Computer vision is becoming a giant of technology companies, enabling machines to speed up operations and accomplish tasks that can only be done by humans.
A few months ago, eBay announced that it would add new search features that would allow users to use existing photos to find similar products, while online apparel retailers ASOS in the fashion field to get involved in this. Shutterstock released a new test function last week, users can search according to their own layout stock photos. After a few days, Google Photo app released a new pet image recognition feature.

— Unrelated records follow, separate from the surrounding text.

lemma quadratic_form_fun_upd:
  fixes W :: "'a \<Rightarrow> 'a \<Rightarrow> real"
  assumes "finite V" "k \<in> V" "undirected_on V W" "W k k = 0"
  shows "(\<Sum>i\<in>V. \<Sum>j\<in>V. W i j * (x(k := a)) i * (x(k := a)) j)
       = (\<Sum>i\<in>V. \<Sum>j\<in>V. W i j * x i * x j) + 2 * (a - x k) * (\<Sum>j\<in>V. W k j * x j)"
proof -
  define L where "L i = (\<Sum>j\<in>V. W i j * x j)" for i
  have as_linear: "(\<Sum>i\<in>V. \<Sum>j\<in>V. W i j * y i * y j) = (\<Sum>i\<in>V. (\<Sum>j\<in>V. W i j * y j) * y i)"
    for y :: "'a \<Rightarrow> real"
    by (simp add: sum_distrib_left sum_distrib_right mult_ac)
  have row_upd: "(\<Sum>j\<in>V. W i j * (x(k := a)) j) = L i + W i k * (a - x k)" for i
    unfolding L_def using sum_mult_fun_upd[OF assms(1,2)] .
  have column_k: "(\<Sum>i\<in>V. W i k * x i) = L k"
    unfolding L_def using assms(2,3) by (intro sum.cong) (auto simp: undirected_on_def)
  have "(\<Sum>i\<in>V. (L i + W i k * (a - x k)) * (x(k := a)) i)
      = (\<Sum>i\<in>V. L i * (x(k := a)) i) + (a - x k) * (\<Sum>i\<in>V. W i k * (x(k := a)) i)"
    unfolding distrib_right sum.distrib by (simp add: sum_distrib_left mult_ac)
  also have "\<dots> = (\<Sum>i\<in>V. L i * x i) + 2 * (a - x k) * L k"
    using sum_mult_fun_upd[OF assms(1,2), of L x a] sum_mult_fun_upd[OF assms(1,2), of "\<lambda>i. W i k" x a]
      column_k assms(4) by (simp add: algebra_simps)
  finally show ?thesis
    unfolding as_linear row_upd by (simp add: L_def mult.commute)
qed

In short, in the field of computer vision, the development of more and more exciting, but also can see people in the field of artificial intelligence a lot of investment fruitful.
At present, most of the progress of computer vision technology mainly occurs in the field of static images, but we also began to see the results of computer vision technology in the video. For example, the Russian authorities applied to face recognition technology in the nationwide real-time monitoring network. Pornhub is doing similar things, automatically sorting the “adult entertainment” video, including training systems to identify specific sexual pose. In addition, there is a booming autopilot car industry that relies heavily on the machine’s ability to understand real-world behavior.
In this context, Google launched a new video database, hoping to promote computer vision to identify images in the behavior of the study. “AVA” is a database of multiple tags, the user can operate in the video sequence.
The difficulty of motion recognition in video is that the complex scenes in the video are intertwined and that multiple actions are also issued by different people at the same time.
Google software engineer Gu Chunhui and David Ross explained in a blog post: “The church machine to identify the image of human behavior is the development of computer vision a major problem, but for personal video search and discovery, sports analysis and gestures Interface and other applications. “Despite the exciting breakthroughs in image classification and finding objects over the past few years, identifying human behavior is still a huge challenge. ”
In essence, AVA is a pile of 80 atomic actions marked YouTube website, and extended to nearly 58,000 video clips, involving a lot of daily activities, such as handshake, kick, hug, kiss, drink, play, walk, etc. Wait.
By opening the database, Google hopes to improve the machine’s “social visual intelligence” so that they can understand what human beings are doing and predict what they will do next.
“We hope that the release of AVA will help improve the development of human behavior recognition systems and have the opportunity to model complex activities based on space-time tags,” the company said.